• **The task**: Show all lines containing "real" from the data below.

(Saved entries)
•••
(* For the $A_r$ $Q$-system with initial data $R_{\alpha,r-\alpha}=R_{\alpha,r-\alpha+1}=1$ for all $\alpha\in I_r$, $$\sum_{n\ge0}R_{1,n+r-1}\,t^n=1+t\,\frac{V_r(t)}{V_{r+1}(t)},\qquad V_m(t)=(-1)^m\,U_{2m}(\sqrt t),$$ where $U_m$ is the Chebyshev polynomial of the second kind, $U_m(2\cos\theta)=\frac{\sin(m+1)\theta}{\sin\theta}$ (each $V_m$ is a polynomial in $t$). For example, for $r=2$ the right side is $1+t\frac{1-3t+t^2}{1-6t+5t^2-t^3}$.
   Context: For $r\ge1$, $I_r=\{1,\dots,r\}$, the $A_r$ $Q$-system is the family $(R_{\alpha,n})_{0\le\alpha\le r+1,n\in\mathbb Z}$ with $R_{0,n}=R_{r+1,n}=1$ and $R_{\alpha,n+1}R_{\alpha,n-1}=R_{\alpha,n}^2+R_{\alpha+1,n}R_{\alpha-1,n}$ for $\alpha\in I_r$, $n\in\mathbb Z$; it is uniquely determined by the values $R_{\alpha,m_\alpha},R_{\alpha,m_\alpha+1}$ ($\alpha\in I_r$) for any $(m_1,\dots,m_r)\in\mathbb Z^r$ with $|m_{\alpha+1}-m_\alpha|\le1$. Here $m_\alpha=r-\alpha$. *)

theory Defs
  imports Complex_Main "HOL-Computational_Algebra.Polynomial" "HOL-Computational_Algebra.Polynomial_FPS"
begin

text \<open>Chebyshev polynomials of the second kind, normalised so that
  U_m(2 cos theta) = sin((m+1) theta) / sin theta, i.e. U_0 = 1, U_1 = x,
  U_{m+2} = x U_{m+1} - U_m.\<close>
fun chebU :: "nat \<Rightarrow> real poly" where
  "chebU 0 = 1"
| "chebU (Suc 0) = [:0, 1:]"
| "chebU (Suc (Suc m)) = [:0, 1:] * chebU (Suc m) - chebU m"

definition chebV :: "nat \<Rightarrow> real poly" where
  "chebV m = (THE p. \<forall>t\<ge>0. poly p t = (-1) ^ m * poly (chebU (2 * m)) (sqrt t))"

definition is_Q_system :: "nat \<Rightarrow> (nat \<Rightarrow> int \<Rightarrow> real) \<Rightarrow> bool" where
  "is_Q_system r R \<longleftrightarrow>
     (\<forall>n. R 0 n = 1) \<and> (\<forall>n. R (r + 1) n = 1) \<and>
     (\<forall>\<alpha> n. 1 \<le> \<alpha> \<and> \<alpha> \<le> r \<longrightarrow>
        R \<alpha> (n + 1) * R \<alpha> (n - 1) = (R \<alpha> n)\<^sup>2 + R (\<alpha> + 1) n * R (\<alpha> - 1) n)"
•••
• **Solution to the exercise**:
fun chebU :: "nat \<Rightarrow> real poly" where
definition chebV :: "nat \<Rightarrow> real poly" where
definition is_Q_system :: "nat \<Rightarrow> (nat \<Rightarrow> int \<Rightarrow> real) \<Rightarrow> bool" where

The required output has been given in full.